Hundreds arrested during anti-Syria riots in Turkey

Turkey’s government has urged for calm after violence against Syrian refugees broke out in the central Melikgazi region and spread to other areas.

Riots erupted after Turkish authorities arrested a Syrian man for allegedly sexually abusing a seven-year-old Syrian girl in the central city of Kayseri.

Turkish residents, infuriated by online reports of the crime, flipped over cars in Kayseri and set Syrian-run shops alight on Sunday night, demanding that Syrians be kicked out of the country.

The violence spread to the southern province of Hatay, where protesters set a Syrian grocery store ablaze.

The riots “damaged houses, workplaces, and vehicles belonging to Syrian nationals”, said Turkey’s Interior Minister Ali Yerlikaya, who accused those responsible of acting “illegally in an attitude that does not suit our human values”.

On Tuesday, Yerlikaya stated “474 people were detained after the provocative actions” carried out against Syrians, in a post on X.

Turkish President Recep Tayyip Erdogan condemned the violence, which he blamed opposition parties for stoking.

“It is unacceptable to burn houses, vandalise and set streets on fire,” he said on Monday of the violence, adding, “Nothing can be achieved by fuelling xenophobia and hatred of refugees in society.”

More than 3.5 million Syrians live in Turkey, the highest number in the region, who were initially welcomed as refugees when the war erupted in Syria in 2011.

Most Syrians live under “temporary protection” status and many subsequently became Turkish citizens. But anti-refugee sentiment has been rising in Turkey, particularly against Syrians, for several years because of a deep economic crisis that has seen soaring inflation.

Umit Ozdag, the leader of Turkey’s anti-migration Victory Party, blamed the violence on the government’s allegedly “privileged” treatment of Syrian refugees.

Anti-Syrian riots broke out in Turkey in 2021, after a Turkish teenager was stabbed to death in a fight with a group of young Syrians in the capital, Ankara.

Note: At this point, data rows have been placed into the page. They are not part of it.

lemma adv_utility_threshold_le:
  assumes "nD \<le> N" "t \<le> ua" and full: "ch < va \<Longrightarrow> t = ua" and empty: "0 < t \<Longrightarrow> ch \<le> va"
  defines "nT \<equiv> min N t"
  shows "0 \<le> adv_utility ua va nT (real nT * ch)"
    and "adv_utility ua va nD (real nD * ch) \<le> adv_utility ua va nT (real nT * ch)"
proof -
  have UT: "adv_utility ua va nT (real nT * ch) = ereal (real nT * (va - ch))"
    using assms(2) unfolding nT_def adv_utility_def by (simp add: algebra_simps)
  show "0 \<le> adv_utility ua va nT (real nT * ch)"
    unfolding UT using empty unfolding nT_def by (cases "t = 0") auto
  show "adv_utility ua va nD (real nD * ch) \<le> adv_utility ua va nT (real nT * ch)"
  proof (cases "nD \<le> ua")
    case False
    then show ?thesis unfolding adv_utility_def by simp
  next
    case True
    have "real nD * (va - ch) \<le> real nT * (va - ch)"
    proof (cases "ch < va")
      case True
      then show ?thesis
        using \<open>nD \<le> ua\<close> full assms(1) unfolding nT_def by (intro mult_right_mono) auto
    next
      case False
      then show ?thesis
        using empty unfolding nT_def by (cases "t = 0") (auto simp: mult_nonneg_nonpos)
    qed
    then show ?thesis using True UT unfolding adv_utility_def by (simp add: algebra_simps)
  qed
qed

section \<open>The mechanism for a fixed realization\<close>

lemma finite_slots:
  assumes "finite A"
  shows "finite (slots A cap)"
proof -
  have "slots A cap = (\<Union>a\<in>A. {a} \<times> {..<cap a})" unfolding slots_def by auto
  then show ?thesis using assms by simp
qed

lemma nth_threshold_in_set:
  fixes \<alpha> :: real
  assumes "0 \<le> \<alpha>" and "\<not> (1 - 4 * root 3 \<alpha>) * real (length L) \<le> 0"
  shows "L ! (nat \<lceil>(1 - 4 * root 3 \<alpha>) * real (length L)\<rceil> - 1) \<in> set L"
proof -
  have "(1 - 4 * root 3 \<alpha>) * real (length L) \<le> real (length L)"
    using assms(1) mult_right_mono[of "1 - 4 * root 3 \<alpha>" 1 "real (length L)"] by simp
  then have "\<lceil>(1 - 4 * root 3 \<alpha>) * real (length L)\<rceil> \<le> int (length L)"
    by (simp add: ceiling_le_iff)
  moreover have "0 < \<lceil>(1 - 4 * root 3 \<alpha>) * real (length L)\<rceil>" using assms(2) by simp
  ultimately show ?thesis by (intro nth_mem) linarith
qed

lemma own_slots_above_threshold:
  fixes rk :: "('u, 'a) item \<Rightarrow> nat" and cap :: "'a \<Rightarrow> nat" and v :: "'a \<Rightarrow> real"
    and k :: nat and w ch :: real and r :: nat
  assumes "a \<in> A"
  defines "B \<equiv> {b \<in> slots A (cap(a := k)). fst b = a \<and> (ch, r) < bkey rk (v(a := w)) b}"
  shows "card B \<le> k" and "ch < w \<Longrightarrow> card B = k" and "0 < card B \<Longrightarrow> ch \<le> w"
proof -
  have B_eq: "B = (\<lambda>j. (a, j)) ` {j. j < k \<and> (ch, r) < (w, rk (Inr (a, j)))}"
    using assms(1) unfolding B_def slots_def bkey_def by auto
  have card_B: "card B = card {j. j < k \<and> (ch, r) < (w, rk (Inr (a, j)))}"
    unfolding B_eq by (rule card_image) (simp add: inj_on_def)
  show "card B \<le> k"
    unfolding card_B by (rule order_trans[OF card_mono[OF finite_lessThan] eq_imp_le[OF card_lessThan]]) auto
  show "card B = k" if "ch < w" using that unfolding card_B by simp
  show "ch \<le> w" if "0 < card B" using that unfolding B_eq by (auto simp: card_gt_0_iff)
qed

locale realization =
  fixes P :: "'u set" and M :: "'m set" and A :: "'a set" and med :: "'u \<Rightarrow> 'm"
    and rk :: "('u, 'a) item \<Rightarrow> nat" and \<alpha> :: real
    and rankM :: "'m \<Rightarrow> nat" and rankA :: "'a \<Rightarrow> nat" and sM :: "'m \<Rightarrow> bool" and sA :: "'a \<Rightarrow> bool"
  assumes finite_users: "finite P" and finite_advertisers: "finite A" and med_users: "med ` P \<subseteq> M"
    and inj_rk: "inj_on rk (Inl ` P \<union> Inr ` (A \<times> UNIV))"
    and alpha_nonneg: "0 \<le> \<alpha>" and inj_rankM: "inj_on rankM M" and inj_rankA: "inj_on rankA A"
begin

abbreviation outcome where
  "outcome \<equiv> side_outcome rk \<alpha> med A rankM rankA sM sA"

lemma inj_ukey: "U \<subseteq> P \<Longrightarrow> inj_on (ukey rk c) U"
  using inj_rk unfolding inj_on_def ukey_def by blast

lemma inj_bkey: "B \<subseteq> slots A cap \<Longrightarrow> inj_on (bkey rk v) B"
  using inj_rk unfolding inj_on_def bkey_def slots_def by blast

lemma inj_user_queue_key: "U \<subseteq> P \<Longrightarrow> inj_on (\<lambda>p. (rankM (med p), ukey rk c p)) U"
  using inj_ukey unfolding inj_on_def by blast

lemma inj_slot_queue_key:
  assumes "B \<subseteq> slots A cap"
  shows "inj_on (\<lambda>b. (rankA (fst b), snd b)) B"
proof (rule inj_onI)
  fix b b' assume "b \<in> B" "b' \<in> B" and eq: "(rankA (fst b), snd b) = (rankA (fst b'), snd b')"
  then have "fst b \<in> A" "fst b' \<in> A" using assms by (auto simp: slots_def)
  with eq show "b = b'" using inj_rankA by (auto simp: prod_eq_iff dest: inj_onD)
qed

lemma finite_user_subset: "U \<subseteq> P \<Longrightarrow> finite U"
  using finite_users finite_subset by blast

lemma finite_slot_subset: "B \<subseteq> slots A cap \<Longrightarrow> finite B"
  using finite_slots[OF finite_advertisers] finite_subset by blast

lemma set_users_sorted: "U \<subseteq> P \<Longrightarrow> set (users_sorted rk c U) = U"
  unfolding users_sorted_def by (rule sorted_key_list_of_set_inj(1)[OF finite_user_subset inj_ukey])

lemma set_slots_sorted: "B \<subseteq> slots A cap \<Longrightarrow> set (slots_sorted rk v B) = B"
  unfolding slots_sorted_def by (simp add: sorted_key_list_of_set_inj(1)[OF finite_slot_subset inj_bkey])

lemma set_Sc_subset:
  assumes "U \<subseteq> P" "B \<subseteq> slots A cap"
  shows "set (Sc rk c v U B) \<subseteq> U \<times> B"
  using set_zip_subset[of "users_sorted rk c U" "slots_sorted rk v B"] assms
  unfolding Sc_def set_users_sorted[OF assms(1)] set_slots_sorted[OF assms(2)] by auto

lemma Sc_cong:
  assumes "U \<subseteq> P" "B \<subseteq> slots A cap"
    and "\<And>p. p \<in> U \<Longrightarrow> c p = c' p" "\<And>b. b \<in> B \<Longrightarrow> v (fst b) = v' (fst b)"
  shows "Sc rk c v U B = Sc rk c' v' U B"
proof -
  have "users_sorted rk c U = users_sorted rk c' U"
    unfolding users_sorted_def using assms(3)
    by (intro sorted_key_list_of_set_cong[OF finite_user_subset[OF assms(1)] inj_ukey[OF assms(1)]])
      (simp add: ukey_def)
  moreover have "slots_sorted rk v B = slots_sorted rk v' B"
    unfolding slots_sorted_def using assms(4)
    by (subst sorted_key_list_of_set_cong[OF finite_slot_subset[OF assms(2)] inj_bkey[OF assms(2)]])
      (simp_all add: bkey_def)
  moreover have "ukey rk c p < bkey rk v b \<longleftrightarrow> ukey rk c' p < bkey rk v' b" if "(p, b) \<in> U \<times> B" for p b
    using that assms(3,4) by (simp add: ukey_def bkey_def)
  ultimately show ?thesis
    using set_zip_subset[of "users_sorted rk c U" "slots_sorted rk v B"]
    unfolding Sc_def set_users_sorted[OF assms(1)] set_slots_sorted[OF assms(2)]
    by (intro filter_cong) auto
qed

lemma outcome_unfold:
  fixes Pr :: "'u set" and cr :: "'u \<Rightarrow> real" and capr :: "'a \<Rightarrow> nat" and vr :: "'a \<Rightarrow> real" and s :: bool
  defines "L \<equiv> Sc rk cr vr {p \<in> Pr. sM (med p) \<noteq> s} {b \<in> slots A capr. sA (fst b) \<noteq> s}"
  defines "x \<equiv> (1 - 4 * root 3 \<alpha>) * real (length L)"
  defines "ph \<equiv> fst (L ! (nat \<lceil>x\<rceil> - 1))" and "bh \<equiv> snd (L ! (nat \<lceil>x\<rceil> - 1))"
  shows "outcome Pr cr capr vr s =
    (if x \<le> 0 then ([], 0, 0) else
      (zip (sorted_key_list_of_set (\<lambda>p. (rankM (med p), ukey rk cr p))
              {p \<in> Pr. sM (med p) = s \<and> ukey rk cr p < ukey rk cr ph})
           (sorted_key_list_of_set (\<lambda>b. (rankA (fst b), snd b))
              {b \<in> slots A capr. sA (fst b) = s \<and> bkey rk vr bh < bkey rk vr b}),
       cr ph, vr (fst bh)))"
  unfolding side_outcome_def Let_def L_def x_def ph_def bh_def ..

lemma outcome_assigned:
  assumes "Pr \<subseteq> P"
  shows "set (fst (outcome Pr cr capr vr s))
           \<subseteq> {p \<in> Pr. sM (med p) = s} \<times> {b \<in> slots A capr. sA (fst b) = s}"
proof -
  have "set (zip (sorted_key_list_of_set (\<lambda>p. (rankM (med p), ukey rk cr p))
                   {p \<in> Pr. sM (med p) = s \<and> ukey rk cr p < ukey rk cr ph})
                 (sorted_key_list_of_set (\<lambda>b. (rankA (fst b), snd b))
                   {b \<in> slots A capr. sA (fst b) = s \<and> bkey rk vr bh < bkey rk vr b}))
      \<subseteq> {p \<in> Pr. sM (med p) = s} \<times> {b \<in> slots A capr. sA (fst b) = s}" for ph bh
  proof -
    have "set (sorted_key_list_of_set (\<lambda>p. (rankM (med p), ukey rk cr p))
            {p \<in> Pr. sM (med p) = s \<and> ukey rk cr p < ukey rk cr ph})
        = {p \<in> Pr. sM (med p) = s \<and> ukey rk cr p < ukey rk cr ph}"
      using assms by (intro sorted_key_list_of_set_inj(1) finite_user_subset inj_user_queue_key) auto
    moreover have "set (sorted_key_list_of_set (\<lambda>b. (rankA (fst b), snd b))
            {b \<in> slots A capr. sA (fst b) = s \<and> bkey rk vr bh < bkey rk vr b})
        = {b \<in> slots A capr. sA (fst b) = s \<and> bkey rk vr bh < bkey rk vr b}"
      by (intro sorted_key_list_of_set_inj(1) finite_slot_subset inj_slot_queue_key) auto
    ultimately show ?thesis using set_zip_subset by blast
  qed
  then show ?thesis unfolding outcome_unfold by simp
qed

lemma threshold_pair_other_side:
  fixes Pr :: "'u set" and cr :: "'u \<Rightarrow> real" and capr :: "'a \<Rightarrow> nat" and vr :: "'a \<Rightarrow> real" and s :: bool
  defines "L \<equiv> Sc rk cr vr {p \<in> Pr. sM (med p) \<noteq> s} {b \<in> slots A capr. sA (fst b) \<noteq> s}"
  assumes Pr: "Pr \<subseteq> P" and positive: "\<not> (1 - 4 * root 3 \<alpha>) * real (length L) \<le> 0"
  shows "L ! (nat \<lceil>(1 - 4 * root 3 \<alpha>) * real (length L)\<rceil> - 1)
           \<in> {p \<in> Pr. sM (med p) \<noteq> s} \<times> {b \<in> slots A capr. sA (fst b) \<noteq> s}"
  using nth_threshold_in_set[OF alpha_nonneg positive] Pr
    set_Sc_subset[of "{p \<in> Pr. sM (med p) \<noteq> s}" "{b \<in> slots A capr. sA (fst b) \<noteq> s}" capr cr vr]
  unfolding L_def by blast

lemma outcome_with_other_side_threshold:
  fixes Pr Pr' :: "'u set" and cr cr' :: "'u \<Rightarrow> real" and capr capr' :: "'a \<Rightarrow> nat"
    and vr vr' :: "'a \<Rightarrow> real" and s :: bool
  assumes Pr: "Pr \<subseteq> P" and Pr': "Pr' \<subseteq> P"
    and same_users: "{p \<in> Pr'. sM (med p) \<noteq> s} = {p \<in> Pr. sM (med p) \<noteq> s}"
    and same_costs: "\<And>p. p \<in> Pr \<Longrightarrow> sM (med p) \<noteq> s \<Longrightarrow> cr' p = cr p"
    and same_slots: "{b \<in> slots A capr'. sA (fst b) \<noteq> s} = {b \<in> slots A capr. sA (fst b) \<noteq> s}"
    and same_values: "\<And>a. sA a \<noteq> s \<Longrightarrow> vr' a = vr a"
  defines "L \<equiv> Sc rk cr vr {p \<in> Pr. sM (med p) \<noteq> s} {b \<in> slots A capr. sA (fst b) \<noteq> s}"
  defines "x \<equiv> (1 - 4 * root 3 \<alpha>) * real (length L)"
  defines "ph \<equiv> fst (L ! (nat \<lceil>x\<rceil> - 1))" and "bh \<equiv> snd (L ! (nat \<lceil>x\<rceil> - 1))"
  shows "outcome Pr' cr' capr' vr' s =
    (if x \<le> 0 then ([], 0, 0) else
      (zip (sorted_key_list_of_set (\<lambda>p. (rankM (med p), ukey rk cr' p))
              {p \<in> Pr'. sM (med p) = s \<and> ukey rk cr' p < ukey rk cr ph})
           (sorted_key_list_of_set (\<lambda>b. (rankA (fst b), snd b))
              {b \<in> slots A capr'. sA (fst b) = s \<and> bkey rk vr bh < bkey rk vr' b}),
       cr ph, vr (fst bh)))"
proof -
  have L: "Sc rk cr' vr' {p \<in> Pr'. sM (med p) \<noteq> s} {b \<in> slots A capr'. sA (fst b) \<noteq> s} = L"
    unfolding same_users same_slots L_def using Pr by (intro Sc_cong) (auto simp: same_costs same_values)
  have "cr' ph = cr ph \<and> vr' (fst bh) = vr (fst bh)" if "\<not> x \<le> 0"
  proof -
    have "L ! (nat \<lceil>x\<rceil> - 1) \<in> {p \<in> Pr. sM (med p) \<noteq> s} \<times> {b \<in> slots A capr. sA (fst b) \<noteq> s}"
      unfolding x_def L_def by (rule threshold_pair_other_side[OF Pr]) (use that in \<open>simp add: x_def L_def\<close>)
    then show ?thesis using same_costs same_values unfolding ph_def bh_def by auto
  qed
  then show ?thesis
    unfolding outcome_unfold L x_def[symmetric] ph_def[symmetric] bh_def[symmetric]
    by (cases "x \<le> 0") (simp_all add: ukey_def bkey_def)
qed

lemma med_utility_own_side:
  assumes "Pr \<subseteq> P"
  shows "med_utility rk \<alpha> med A rankM rankA sM sA Pr cr capr vr c m =
    (case outcome Pr cr capr vr (sM m) of (pairs, pay, charge) \<Rightarrow>
       sum_list (map (\<lambda>(p, b). pay - c p) (filter (\<lambda>(p, b). med p = m) pairs)))"
proof -
  obtain pairs pay charge where other: "outcome Pr cr capr vr (\<not> sM m) = (pairs, pay, charge)"
    by (cases "outcome Pr cr capr vr (\<not> sM m)") auto
  have "filter (\<lambda>(p, b). med p = m) pairs = []"
    using outcome_assigned[OF assms, of cr capr vr "\<not> sM m"] unfolding other
    by (auto simp: filter_empty_conv)
  then show ?thesis unfolding med_utility_def using other by (cases "sM m") simp_all
qed

lemma adv_count_own_side:
  assumes "Pr \<subseteq> P"
  shows "adv_count rk \<alpha> med A rankM rankA sM sA Pr cr capr vr a =
    length (filter (\<lambda>(p, b). fst b = a) (fst (outcome Pr cr capr vr (sA a))))"
proof -
  have "filter (\<lambda>(p, b). fst b = a) (fst (outcome Pr cr capr vr (\<not> sA a))) = []"
    using outcome_assigned[OF assms, of cr capr vr "\<not> sA a"] by (auto simp: filter_empty_conv)
  then show ?thesis unfolding adv_count_def by (cases "sA a") simp_all
qed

Hundreds of people chanting anti-immigrant slogans took to the streets, vandalised Syrian-run shops and hurled rocks at refugees’ homes.

The recent violence sparked retaliatory riots in opposition-held areas of northwestern Syria, across the border, including those controlled by Turkish-backed forces.

Hundreds of Syrian demonstrators, some armed, took to the streets in protest. Some tore down Turkish flags, hurled rocks and objects at Turkish trucks and attempted to storm the Jarablus crossing, said the Syrian Observatory of Human Rights, a war monitor.

Four people were killed in “exchanges of fire” with Turkish guards, while 20 more were injured, added the Syrian Observatory.

Protester Adel al-Faraj stated he took to the streets in solidarity with “our Syrian brothers in Turkey”.

“Our people fled from [Syrian President] Bashar al-Assad only to be oppressed in Turkey,” he told the AFP news agency, urging Turkey to do more to stop violence against Syrians.

Tensions have been rising in Syrian opposition-held areas over moves towards rapprochement between the two countries, including plans to open a crossing between government-held areas and those held by Turkish-backed opposition forces in Aleppo.